First four-cylinder, gas-powered Locomobile hits the road

Engineer Andrew Riker delivers the first four-cylinder, gas-powered Locomobile—a $4,000, 12-horsepower Model C—to a buyer in New York City on this day in 1902. The Locomobile Company had been known for building heavy, powerful steam cars, but by the turn of the century it was clear that the future of the automobile—and thus of the Locomobile—lay in the internal-combustion engine. Until it went out of business in 1929, the company built elegant, luxurious touring-cars and streamlined racers for wealthy patrons. A Locomobile, ads crowed, was the “Best Built Car in America.”

Steam-powered Locomobiles, built in Bridgeport, Connecticut and Worcester, Massachusetts, were solid, imposing, expensive machines. Like every other car powered by a steam boiler, they were also inconvenient. Steam cars had to warm up (literally: the water needed to boil in order to build up steam pressure) for about a half-hour before the car could be driven, and their water tanks needed to be refilled every 20 minutes or so. They also needed three kinds of fuel: water for the boiler, kerosene to heat the water and gasoline for the pilot light. (The car’s “key” was an acetylene torch.)
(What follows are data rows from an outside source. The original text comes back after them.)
lemma distr_H0_replaced_batch_means:
  assumes "n \<ge> 2" "\<sigma> > 0" "\<tau> \<in> {1..T}" "j \<in> {1..n}"
  shows "distr (H0 \<mu> \<sigma> T n) (obs_space T) (\<lambda>X. batch_means T n (X((\<tau>, j) := zs)))
       = PiM {1..T} (\<lambda>t. if t = \<tau> then contaminated_batch_law \<mu> \<sigma> n zs else clean_batch_law \<mu> \<sigma> n)"
proof -
  define a where "a t = (if t = \<tau> then zs / n else 0)" for t
  define K where "K t = (if t = \<tau> then {1..n} - {j} else {1..n})" for t
  have "(\<Sum>k\<in>{1..n}. (X((\<tau>, j) := zs)) (\<tau>, k)) = zs + (\<Sum>k\<in>{1..n} - {j}. X (\<tau>, k))" for X
    using assms(4) by (simp add: sum.remove)
  then have "(\<lambda>X. batch_means T n (X((\<tau>, j) := zs)))
      = (\<lambda>X. \<lambda>t\<in>{1..T}. a t + (\<Sum>k\<in>K t. X (t, k)) / n)"
    by (auto simp: batch_means_def a_def K_def add_divide_distrib fun_eq_iff)
  then have "distr (H0 \<mu> \<sigma> T n) (obs_space T) (\<lambda>X. batch_means T n (X((\<tau>, j) := zs)))
      = distr (H0 \<mu> \<sigma> T n) (obs_space T) (\<lambda>X. \<lambda>t\<in>{1..T}. a t + (\<Sum>k\<in>K t. X (t, k)) / n)"
    by simp
  also have "\<dots>
      = PiM {1..T} (\<lambda>t. density lborel
           (normal_density (a t + real (card (K t)) * \<mu> / n) (sqrt (real (card (K t))) * \<sigma> / n)))"
  proof (rule distr_H0_partial_batch_sums)
    have "card ({1..n} - {j}) \<noteq> 0"
      using assms by simp
    then show "K t \<noteq> {}" for t
      by (auto simp: K_def)
  qed (use assms in \<open>auto simp: K_def\<close>)
  also have "\<dots>
      = PiM {1..T} (\<lambda>t. if t = \<tau> then contaminated_batch_law \<mu> \<sigma> n zs else clean_batch_law \<mu> \<sigma> n)"
    using assms
    by (intro PiM_cong) (auto simp: a_def K_def sqrt_mult_divide_self add_divide_distrib of_nat_diff)
  finally show ?thesis .
qed

lemma distr_H1_batch_means:
  assumes "n \<ge> 2" "\<sigma> > 0" "\<tau> \<in> {1..T}"
  shows "distr (H1 \<mu> \<sigma> T n \<tau> zs) (obs_space T) (batch_means T n)
       = PiM {1..T} (\<lambda>t. if t = \<tau> then contaminated_batch_law \<mu> \<sigma> n zs else clean_batch_law \<mu> \<sigma> n)"
proof -
  let ?U = "uniform_count_measure {1..n}"
  have replace: "(\<lambda>(X, j). X((\<tau>, j) := zs)) \<in> measurable (H0 \<mu> \<sigma> T n \<Otimes>\<^sub>M ?U) (data_space T n)"
    using assms(3) sets_H0 by (rule measurable_replace_entry)
  have "distr (H1 \<mu> \<sigma> T n \<tau> zs) (obs_space T) (batch_means T n)
      = distr (H0 \<mu> \<sigma> T n \<Otimes>\<^sub>M ?U) (obs_space T) (\<lambda>(X, j). batch_means T n (X((\<tau>, j) := zs)))"
    unfolding H1_def using replace measurable_batch_means
    by (simp add: distr_distr comp_def case_prod_beta')
  also have "\<dots>
      = PiM {1..T} (\<lambda>t. if t = \<tau> then contaminated_batch_law \<mu> \<sigma> n zs else clean_batch_law \<mu> \<sigma> n)"
  proof (rule distr_pair_measure_constant_sections)
    show "sigma_finite_measure (H0 \<mu> \<sigma> T n)"
      using assms(2) unfolding H0_def
      by (intro prob_space_imp_sigma_finite prob_space_PiM prob_space_normal_density)
    show "prob_space ?U"
      using assms(1) by (intro prob_space_uniform_count_measure) auto
    show "(\<lambda>(X, j). batch_means T n (X((\<tau>, j) := zs)))
        \<in> measurable (H0 \<mu> \<sigma> T n \<Otimes>\<^sub>M ?U) (obs_space T)"
      using replace measurable_batch_means by (auto simp: case_prod_beta')
    show "distr (H0 \<mu> \<sigma> T n) (obs_space T) (\<lambda>X. batch_means T n (X((\<tau>, j) := zs)))
        = PiM {1..T} (\<lambda>t. if t = \<tau> then contaminated_batch_law \<mu> \<sigma> n zs else clean_batch_law \<mu> \<sigma> n)"
      if "j \<in> space ?U" for j
      using assms that
      by (intro distr_H0_replaced_batch_means) (auto simp: space_uniform_count_measure)
  qed (unfold obs_space_def, rule sets_PiM_cong, auto)
  finally show ?thesis .
qed

theorem theorem3p4:
  fixes T n \<tau> :: nat and \<mu> \<sigma> zs :: real
  assumes "T \<ge> 1" and "n \<ge> 2" and "\<sigma> > 0" and "\<tau> \<in> {1..T}"
  shows "distr (H1 \<mu> \<sigma> T n \<tau> zs) (obs_space T) (obs T n)
       = density (distr (H0 \<mu> \<sigma> T n) (obs_space T) (obs T n))
           (\<lambda>m. ennreal (exp (logLR \<mu> \<sigma> n zs (xbar \<tau> m))))"
proof -
  let ?N0 = "clean_batch_law \<mu> \<sigma> n"
  let ?l = "\<lambda>y. ennreal (exp (logLR \<mu> \<sigma> n zs y))"
  have laws: "prob_space ?N0" "prob_space (density ?N0 ?l)"
    using assms by (simp_all add: density_normal_exp_logLR prob_space_normal_density)
  have sets_N0: "sets (PiM {1..T} (\<lambda>_. ?N0)) = sets (obs_space T)"
    unfolding obs_space_def by (rule sets_PiM_cong) auto
  have "distr (H1 \<mu> \<sigma> T n \<tau> zs) (obs_space T) (obs T n)
      = distr (PiM {1..T} (\<lambda>t. if t = \<tau> then density ?N0 ?l else ?N0))
          (obs_space T) (running_means T)"
    unfolding density_normal_exp_logLR[OF assms(2,3)]
    using assms by (simp add: sets_H1 distr_obs_via_batch_means distr_H1_batch_means)
  also have "\<dots> = distr (density (PiM {1..T} (\<lambda>_. ?N0)) (\<lambda>b. ?l (xbar \<tau> (running_means T b))))
                    (obs_space T) (running_means T)"
    using assms laws by (simp add: PiM_density_single_factor xbar_running_means)
  also have "\<dots> = density (distr (PiM {1..T} (\<lambda>_. ?N0)) (obs_space T) (running_means T))
                      (\<lambda>m. ?l (xbar \<tau> m))"
  proof (rule density_distr[symmetric])
    show "running_means T \<in> measurable (PiM {1..T} (\<lambda>_. ?N0)) (obs_space T)"
      unfolding measurable_cong_sets[OF sets_N0 refl] by (rule measurable_running_means)
  qed (use assms(4) borel_measurable_xbar in measurable)
  also have "\<dots> = density (distr (H0 \<mu> \<sigma> T n) (obs_space T) (obs T n)) (\<lambda>m. ?l (xbar \<tau> m))"
    using assms by (simp add: distr_obs_via_batch_means sets_H0 distr_H0_batch_means)
  finally show ?thesis .
qed

end
lemma huber_excess_risk_eq_integral:
  fixes \<rho> :: "('a::topological_space \<times> real) measure" and X :: "'a set"
  assumes "finite_measure \<rho>" and sets: "sets \<rho> = sets borel"
    and supp: "AE z in \<rho>. fst z \<in> X"
    and [measurable]: "fstar \<in> borel_measurable borel" "f \<in> borel_measurable borel"
    and fstar_le: "\<forall>x\<in>X. \<bar>fstar x\<bar> \<le> M" and f_le: "\<forall>x\<in>X. \<bar>f x\<bar> \<le> M"
    and cond_exp: "\<forall>A\<in>sets borel.
      (\<integral>z. indicator A (fst z) * snd z \<partial>\<rho>) = (\<integral>z. indicator A (fst z) * fstar (fst z) \<partial>\<rho>)"
    and Y: "integrable \<rho> snd" and s: "0 < s"
  shows "(huber_risk s \<rho> f - huber_risk s \<rho> fstar) - (L2_norm_rho \<rho> (\<lambda>x. f x - fstar x))\<^sup>2
    = (\<integral>z. huber_quadratic_remainder s (fstar (fst z)) (f (fst z)) (snd z) \<partial>\<rho>)"
proof -
  interpret finite_measure \<rho> by fact
  note [measurable] = measurable_fst_borel[OF sets] measurable_snd_borel[OF sets]
  have fstar_ae: "AE z in \<rho>. \<bar>fstar (fst z)\<bar> \<le> M" and f_ae: "AE z in \<rho>. \<bar>f (fst z)\<bar> \<le> M"
    using supp fstar_le f_le by auto
  define d where "d = (\<lambda>x. f x - fstar x)"
  have d_ae: "AE z in \<rho>. \<bar>d (fst z)\<bar> \<le> 2 * M"
    using f_ae fstar_ae by eventually_elim (simp add: d_def)
  have [measurable]: "d \<in> borel_measurable borel" by (simp add: d_def)
  have fstar_int: "integrable \<rho> (\<lambda>z. fstar (fst z))"
    by (rule integrable_const_bound[where B = M]) (use fstar_ae in simp_all)
  have d_int: "integrable \<rho> (\<lambda>z. d (fst z))"
    by (rule integrable_const_bound[where B = "2 * M"]) (use d_ae in simp_all)
  have d_sq: "integrable \<rho> (\<lambda>z. (d (fst z))\<^sup>2)"
    using integrable_mult_bounded[OF d_int _ d_ae] by (simp add: power2_eq_square)
  have d_Y: "integrable \<rho> (\<lambda>z. d (fst z) * snd z)"
    using integrable_mult_bounded[OF Y _ d_ae] by simp
  have d_fstar: "integrable \<rho> (\<lambda>z. d (fst z) * fstar (fst z))"
    using integrable_mult_bounded[OF fstar_int _ d_ae] by simp
  have H: "integrable \<rho> (\<lambda>z. huber s (snd z - g (fst z)))"
    if "g \<in> borel_measurable borel" "AE z in \<rho>. \<bar>g (fst z)\<bar> \<le> M" for g
    by (rule integrable_huber_loss[OF assms(1) sets that Y s])
  have orth: "(\<integral>z. d (fst z) * snd z \<partial>\<rho>) = (\<integral>z. d (fst z) * fstar (fst z) \<partial>\<rho>)"
    by (rule integral_comp_mult_eq_of_cond_exp[OF assms(1) measurable_fst_borel[OF sets] _ _ Y fstar_int _ d_Y])
      (use cond_exp in auto)
  have "(\<integral>z. huber s (snd z - f (fst z)) - huber s (snd z - fstar (fst z))
        - ((d (fst z))\<^sup>2 - 2 * (d (fst z) * snd z - d (fst z) * fstar (fst z))) \<partial>\<rho>)
    = huber_risk s \<rho> f - huber_risk s \<rho> fstar
        - ((\<integral>z. (d (fst z))\<^sup>2 \<partial>\<rho>) - 2 * ((\<integral>z. d (fst z) * snd z \<partial>\<rho>) - (\<integral>z. d (fst z) * fstar (fst z) \<partial>\<rho>)))"
    unfolding huber_risk_def using H[OF _ f_ae] H[OF _ fstar_ae] d_sq d_Y d_fstar by simp
  also have "\<dots> = (huber_risk s \<rho> f - huber_risk s \<rho> fstar) - (L2_norm_rho \<rho> (\<lambda>x. f x - fstar x))\<^sup>2"
    using orth L2_norm_rho_sq[OF sets, of d] by (simp add: d_def)
  finally show ?thesis by (simp add: huber_quadratic_remainder_def d_def algebra_simps)
qed
lemma bd_zero_deg:
  "\<alpha> \<in> cells X \<Longrightarrow> \<beta> \<in> cells X \<Longrightarrow> deg X \<alpha> \<noteq> deg X \<beta> + 1 \<Longrightarrow> bd X \<beta> \<alpha> = 0\<^sub>m (cdim X \<beta>) (cdim X \<alpha>)"
  using based by (simp add: based_cx_def)

lemma bd_bd_zero:
  "\<alpha> \<in> cells X \<Longrightarrow> \<gamma> \<in> cells X \<Longrightarrow>
   msum (cdim X \<gamma>) (cdim X \<alpha>) (\<lambda>\<beta>. bd X \<gamma> \<beta> * bd X \<beta> \<alpha>) (cells X) = 0\<^sub>m (cdim X \<gamma>) (cdim X \<alpha>)"
  using based by (simp add: based_cx_def)

lemma edgesD:
  "(a, b) \<in> edges X \<Longrightarrow>
   a \<in> cells X \<and> b \<in> cells X \<and> deg X a = deg X b + 1 \<and> bd X b a \<noteq> 0\<^sub>m (cdim X b) (cdim X a)"
  unfolding edges_def using bd_zero_deg by auto

lemma bd_zero_if_not_edge:
  "a \<in> cells X \<Longrightarrow> b \<in> cells X \<Longrightarrow> (a, b) \<notin> edges X \<Longrightarrow> bd X b a = 0\<^sub>m (cdim X b) (cdim X a)"
  unfolding edges_def by auto

end

locale matched_complex = based_complex +
  fixes M :: "('c \<times> 'c) set"
  assumes matching: "morse_matching X M"
begin

abbreviation r where "r \<equiv> redges X M"

lemma matched_edge: "(a, b) \<in> M \<Longrightarrow> (a, b) \<in> edges X"
  using matching unfolding morse_matching_def by (elim conjE) blast

lemma matched_deg: "(a, b) \<in> M \<Longrightarrow> a \<in> cells X \<and> b \<in> cells X \<and> deg X a = deg X b + 1"
  using edgesD[OF matched_edge] by simp

lemma matched_unique:
  assumes "(a, b) \<in> M" "(a', b') \<in> M" "{a, b} \<inter> {a', b'} \<noteq> {}"
  shows "a = a' \<and> b = b'"
proof -
  have "\<forall>(\<alpha>, \<beta>)\<in>M. \<forall>(\<alpha>', \<beta>')\<in>M. {\<alpha>, \<beta>} \<inter> {\<alpha>', \<beta>'} \<noteq> {} \<longrightarrow> (\<alpha>, \<beta>) = (\<alpha>', \<beta>')"
    using matching unfolding morse_matching_def by (elim conjE)
  with assms show ?thesis by fastforce
qed

lemma matched_unique_fst: "(a, b) \<in> M \<Longrightarrow> (a, b') \<in> M \<Longrightarrow> b = b'"
  using matched_unique[of a b a b'] by auto

lemma matched_unique_snd: "(a, b) \<in> M \<Longrightarrow> (a', b) \<in> M \<Longrightarrow> a = a'"
  using matched_unique[of a b a' b] by auto

lemma matched_upper_not_lower: "(a, b) \<in> M \<Longrightarrow> (c, a) \<notin> M"
  using matched_unique[of a b c a] matched_deg[of a b] by auto

lemma matched_iso: "(a, b) \<in> M \<Longrightarrow> cdim X a = cdim X b \<and> invertible_mat (bd X b a)"
proof -
  assume "(a, b) \<in> M"
  moreover have "\<forall>(\<alpha>, \<beta>)\<in>M. cdim X \<alpha> = cdim X \<beta> \<and> invertible_mat (bd X \<beta> \<alpha>)"
    using matching unfolding morse_matching_def by (elim conjE)
  ultimately show ?thesis by auto
qed

lemma reach_same_deg_eq:
  "a \<in> cells X \<Longrightarrow> b \<in> cells X \<Longrightarrow> deg X a = deg X b \<Longrightarrow> (a, b) \<in> r\<^sup>* \<Longrightarrow> (b, a) \<in> r\<^sup>* \<Longrightarrow> a = b"
  using matching unfolding morse_matching_def by (elim conjE) blast

lemma redgesD:
  "(a, b) \<in> r \<Longrightarrow> a \<in> cells X \<and> b \<in> cells X \<and>
   ((a, b) \<in> edges X \<and> (a, b) \<notin> M \<and> deg X a = deg X b + 1 \<or> (b, a) \<in> M \<and> deg X b = deg X a + 1)"
  unfolding redges_def by (auto dest: edgesD matched_deg)

lemma redges_cells: "(a, b) \<in> r \<Longrightarrow> a \<in> cells X" "(a, b) \<in> r \<Longrightarrow> b \<in> cells X"
  using redgesD by auto

lemma finite_redges: "finite r"
proof -
  have "r \<subseteq> cells X \<times> cells X" using redgesD by auto
  thus ?thesis by (rule finite_subset) (simp add: finite_cells)
qed

lemma finite_successors: "finite {g. (a, g) \<in> r}"
  using redges_cells by (blast intro: finite_subset[OF _ finite_cells])

lemma trancl_unmatched_deg_less: "(x, y) \<in> (edges X - M)\<^sup>+ \<Longrightarrow> deg X y < deg X x"
  by (induction rule: trancl_induct) (auto dest: edgesD)

lemma redges_trancl_cases:
  "(x, y) \<in> r\<^sup>+ \<Longrightarrow>
   (x, y) \<in> (edges X - M)\<^sup>+ \<or> (\<exists>u v. (x, u) \<in> r\<^sup>* \<and> (v, u) \<in> M \<and> (v, y) \<in> r\<^sup>*)"
proof (induction rule: trancl_induct)
  case (base y)
  then show ?case unfolding redges_def by auto
next
  case (step y z)
  from step(2) consider "(y, z) \<in> edges X - M" | "(z, y) \<in> M"
    unfolding redges_def by auto
  then show ?case
  proof cases
    case 1
    from step(3) show ?thesis
    proof
      assume "(x, y) \<in> (edges X - M)\<^sup>+"
      with 1 show ?thesis by (blast intro: trancl_into_trancl)
    next
      assume "\<exists>u v. (x, u) \<in> r\<^sup>* \<and> (v, u) \<in> M \<and> (v, y) \<in> r\<^sup>*"
      with step(2) show ?thesis by (blast intro: rtrancl_into_rtrancl)
    qed
  next
    case 2
    with step(1) show ?thesis by (blast intro: trancl_into_rtrancl)
  qed
qed

text \<open>A cycle must climb a matched edge \<open>u \<rightarrow> v\<close>, since unmatched edges lower the degree;
  it leaves \<open>v\<close> by an unmatched edge to some \<open>w \<noteq> u\<close> of the degree of \<open>u\<close>, and then
  \<open>u\<close> and \<open>w\<close> reach each other, contradicting the Morse condition.\<close>

lemma redges_trancl_irrefl: "(a, a) \<notin> r\<^sup>+"
proof
  assume aa: "(a, a) \<in> r\<^sup>+"
  have "(a, a) \<notin> (edges X - M)\<^sup>+" using trancl_unmatched_deg_less by blast
  with redges_trancl_cases[OF aa] obtain u v
    where au: "(a, u) \<in> r\<^sup>*" and vu: "(v, u) \<in> M" and va: "(v, a) \<in> r\<^sup>*"
    by blast
  have "(v, u) \<in> r\<^sup>*" using va au by auto
  moreover have "v \<noteq> u" using matched_deg[OF vu] by auto
  ultimately have "(v, u) \<in> r\<^sup>+" by (meson rtranclD)
  then obtain w where vw: "(v, w) \<in> r" and wu: "(w, u) \<in> r\<^sup>*" by (meson tranclD)
  have "(w, v) \<notin> M" using matched_upper_not_lower vu by blast
  with redgesD[OF vw] have vw': "(v, w) \<notin> M" "deg X v = deg X w + 1" "w \<in> cells X" by auto
  have "(u, v) \<in> r" using vu unfolding redges_def by auto
  with vw have "(u, w) \<in> r\<^sup>*" by auto
  moreover have "deg X w = deg X u" using vw' matched_deg[OF vu] by auto
  ultimately have "w = u" using reach_same_deg_eq vw' wu matched_deg[OF vu] by blast
  with vw' vu show False by simp
qed

lemma acyclic_redges: "acyclic r"
  using redges_trancl_irrefl unfolding acyclic_def by blast

lemma wf_converse_redges_trancl: "wf ((r\<inverse>)\<^sup>+)"
  by (rule wf_trancl[OF finite_acyclic_wf_converse[OF finite_redges acyclic_redges]])

lemma wf_redges_trancl: "wf (r\<^sup>+)"
  by (rule wf_trancl[OF finite_acyclic_wf[OF finite_redges acyclic_redges]])

text \<open>Only a matched edge raises the degree, and after it no second one can follow.\<close>

lemma rtrancl_redges_deg:
  assumes "(x, y) \<in> r\<^sup>*"
  shows "deg X y \<le> deg X x + 1 \<and> (deg X y = deg X x + 1 \<longrightarrow> (\<exists>z. (y, z) \<in> M))"
  using assms
proof (induction rule: rtrancl_induct)
  case (step y w)
  from redgesD[OF step(2)] consider "deg X y = deg X w + 1" | "(w, y) \<in> M" "deg X w = deg X y + 1"
    by blast
  then show ?case
  proof cases
    case 2
    have "deg X y \<noteq> deg X x + 1" using step(3) 2(1) matched_upper_not_lower by blast
    with step(3) 2 show ?thesis by auto
  qed (use step(3) in auto)
qed simp

end

lemma pweight_Cons: "q \<noteq> [] \<Longrightarrow> pweight X M (a # q) = pweight X M q * mstep X M a (hd q)"
  by (cases q) auto

lemma mstep_unmatched: "(y, x) \<notin> M \<Longrightarrow> mstep X M x y = bd X y x"
  by (simp add: mstep_def)

lemma mstep_matched: "(y, x) \<in> M \<Longrightarrow> mstep X M x y = - minv (bd X x y)"
  by (simp add: mstep_def)

lemma Gamma_carrier [simp]: "Gamma X M b a \<in> carrier_mat (cdim X b) (cdim X a)"
  by (simp add: Gamma_def)

lemma Gamma_dims [simp]: "dim_row (Gamma X M b a) = cdim X b" "dim_col (Gamma X M b a) = cdim X a"
  by (simp_all add: Gamma_def)

context matched_complex
begin

lemma mpaths_steps: "p \<in> mpaths X M a b \<Longrightarrow> Suc i < length p \<Longrightarrow> (p!i, p!Suc i) \<in> r"
  unfolding mpaths_def by auto

lemma mpaths_nth_reach:
  assumes p: "p \<in> mpaths X M a b"
  shows "i < length p \<Longrightarrow> (a, p!i) \<in> r\<^sup>*"
proof (induction i)
  case 0
  have "p \<noteq> []" "hd p = a" using p by (auto simp: mpaths_def)
  then show ?case by (simp add: hd_conv_nth)
next
  case (Suc i)
  then have "(a, p!i) \<in> r\<^sup>*" by simp
  moreover have "(p!i, p!Suc i) \<in> r" using mpaths_steps[OF p Suc.prems] .
  ultimately show ?case by (rule rtrancl_into_rtrancl)
qed

lemma mpaths_set_reach: "p \<in> mpaths X M a b \<Longrightarrow> x \<in> set p \<Longrightarrow> (a, x) \<in> r\<^sup>*"
  using mpaths_nth_reach by (metis in_set_conv_nth)

lemma mpaths_reach_last: "p \<in> mpaths X M a b \<Longrightarrow> (a, b) \<in> r\<^sup>*"
proof -
  assume p: "p \<in> mpaths X M a b"
  hence "b \<in> set p" by (auto simp: mpaths_def)
  thus ?thesis using mpaths_set_reach[OF p] by blast
qed

lemma set_mpaths_subset:
  assumes p: "p \<in> mpaths X M a b"
  shows "set p \<subseteq> insert a (cells X)"
proof
  fix x assume "x \<in> set p"
  hence "(a, x) \<in> r\<^sup>*" using mpaths_set_reach[OF p] by blast
  thus "x \<in> insert a (cells X)" by (cases rule: rtranclE) (auto dest: redges_cells(2))
qed

lemma finite_mpaths: "finite (mpaths X M a b)"
proof -
  have "mpaths X M a b \<subseteq> {xs. set xs \<subseteq> insert a (cells X) \<and> distinct xs}"
    using set_mpaths_subset by (auto simp: mpaths_def)
  moreover have "finite {xs. set xs \<subseteq> insert a (cells X) \<and> distinct xs}"
    using finite_cells by (intro finite_subset_distinct) simp
  ultimately show ?thesis by (rule finite_subset)
qed

lemma mpaths_refl: "mpaths X M a a = {[a]}"
proof
  show "{[a]} \<subseteq> mpaths X M a a" by (auto simp: mpaths_def)
next
  show "mpaths X M a a \<subseteq> {[a]}"
  proof
    fix p assume p: "p \<in> mpaths X M a a"
    hence p1: "p \<noteq> []" "hd p = a" "last p = a" "distinct p" by (auto simp: mpaths_def)
    have "length p = 1"
    proof (rule ccontr)
      assume "length p \<noteq> 1"
      hence l: "length p \<ge> 2" using p1 by (cases p) auto
      have "p ! 0 = p ! (length p - 1)" using p1 by (simp add: hd_conv_nth last_conv_nth)
      hence "0 = length p - 1" using p1(4) l nth_eq_iff_index_eq[of p 0 "length p - 1"] by fastforce
      thus False using l by simp
    qed
    thus "p \<in> {[a]}" using p1 by (cases p) auto
  qed
qed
In 1902, the Locomobile Company hired a young engineer and racecar driver named Andrew Riker to create a gasoline car that was good enough to bear the Locomobile name. He did, and they were: made of manganese bronze and heat-treated steel, the Riker cars really were among the best-built cars in America.
In 1908, a two-year-old Locomobile became the first American car to win an international race. The car, nicknamed “Old 16,” was a 16-liter, four-cylinder, 120-horsepower two-seater piloted by 23-year-old George Robertson and his mechanic, Glenn Etheridge; the race was Long Island’s 11-lap, 258.5-mile Vanderbilt Cup. According to one reporter, Old 16’s victory “made Europeans sit up and take notice of American automotive efforts.”
Old 16 is currently on display at The Henry Ford in Dearborn, Michigan. In 1988, a 1928 Locomobile coupe appeared on a U.S. postage stamp.